(* Let $D^k$ be a vertically mapped wedge with $J^k>0$. Let $E$ be an edge of $\widehat T$ with affine parametrization $\gamma:[0,1]\to E$, and let $f=\bm\Phi^k(E\times[0,1])$ be the corresponding quadrilateral face, parametrized by $\bm X(u,t)=\bm\Phi^k(\gamma(u),t)$, $(u,t)\in[0,1]^2$, with surface Jacobian $J^k_f(u,t)=|\partial_u\bm X\times\partial_t\bm X|$. Then $f$ is planar with constant unit normal, and $J^k_f$ is independent of $t$ and affine in $u$. Moreover the face mass matrix $(\bm M^k_f)_{ij,i'j'}=\int_0^1\!\int_0^1\ell_{ij}(\bm X(u,t))\ell_{i'j'}(\bm X(u,t))J^k_f\,du\,dt$ (with $\ell_{ij}$ evaluated at reference coordinates $(\gamma(u),t)$) satisfies $$\bm M^k_f=\widetilde{\bm M}^{\mathrm{tri},k}_{\mathrm{edge}}\otimes\widehat{\bm M}^{\mathrm{1D}},\qquad (\widetilde{\bm M}^{\mathrm{tri},k}_{\mathrm{edge}})_{ii'}=\int_0^1\ell^{\mathrm{tri}}_i(\gamma(u))\ell^{\mathrm{tri}}_{i'}(\gamma(u))J^k_f(u)\,du,$$ and consequently the lift matrix is $$\bm L^k_f:=(\bm M^k)^{-1}\bm M^k_f=\big((\bm M^{\mathrm{tri},k})^{-1}\widetilde{\bm M}^{\mathrm{tri},k}_{\mathrm{edge}}\big)\otimes\bm I_{N+1},$$ which is block diagonal with respect to the index $j$ (i.e. $(\bm L^k_f)_{ij,i'j'}=0$ whenever $j\neq j'$).
   Context: Reference wedge $\widehat W=\widehat T\times[0,1]$ with $\widehat T=\{(r,s):r,s\ge0,\ r+s\le1\}$. Vertex functions $v_1=(1-r-s)(1-t)$, $v_2=r(1-t)$, $v_3=s(1-t)$, $v_4=(1-r-s)t$, $v_5=rt$, $v_6=st$; a wedge $D^k$ is the image of $\widehat W$ under $\bm{\Phi}^k=\sum_{i=1}^6\bm{\nu}_iv_i$ with vertices $\bm{\nu}_i\in\mathbb{R}^3$, and $J^k=\det[\partial_r\bm{\Phi}^k,\partial_s\bm{\Phi}^k,\partial_t\bm{\Phi}^k]$. It is vertically mapped if the pairs $(\bm{\nu}_1,\bm{\nu}_4)$, $(\bm{\nu}_2,\bm{\nu}_5)$, $(\bm{\nu}_3,\bm{\nu}_6)$ each have identical $x$- and $y$-coordinates. Nodal basis: fix $N\ge1$, points $(r_i,s_i)$, $i=1,\dots,(N+1)(N+2)/2$, in $\widehat T$ unisolvent for polynomials of total degree $\le N$ with Lagrange basis $\ell^{\mathrm{tri}}_i$, and Gauss–Legendre–Lobatto points $0=t_0<\dots<t_N=1$ with Lagrange basis $\ell^{\mathrm{1D}}_j$; $\ell_{ij}=\ell^{\mathrm{tri}}_i(r,s)\ell^{\mathrm{1D}}_j(t)$. Matrices indexed by $(i,j)$ are ordered with $i$ the slow index, so $(\bm A\otimes\bm B)_{ij,i'j'}=\bm A_{ii'}\bm B_{jj'}$. Definitions: $(\bm M^k)_{ij,i'j'}=\int_{\widehat W}\ell_{ij}\ell_{i'j'}J^k$; $(\bm M^{\mathrm{tri},k})_{ii'}=\int_{\widehat T}\ell^{\mathrm{tri}}_i\ell^{\mathrm{tri}}_{i'}J^k(r,s)$ (where $J^k$ is independent of $t$ for vertically mapped wedges); $(\widehat{\bm M}^{\mathrm{1D}})_{jj'}=\int_0^1\ell^{\mathrm{1D}}_j\ell^{\mathrm{1D}}_{j'}$; $\bm I_{N+1}$ is the $(N+1)\times(N+1)$ identity. *)

theory Defs
  imports "HOL-Analysis.Analysis" "HOL-Computational_Algebra.Polynomial"
    "Jordan_Normal_Form.Gauss_Jordan_Elimination"
begin

definition refT :: "(real \<times> real) set" where
  "refT = {(r, s). r \<ge> 0 \<and> s \<ge> 0 \<and> r + s \<le> 1}"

══════════════════════════════

Copy every line from the entries that contains the word "refT".

RESPONSE AREA:
definition refT :: "(real \<times> real) set" where
  "refT = {(r, s). r \<ge> 0 \<and> s \<ge> 0 \<and> r + s \<le> 1}"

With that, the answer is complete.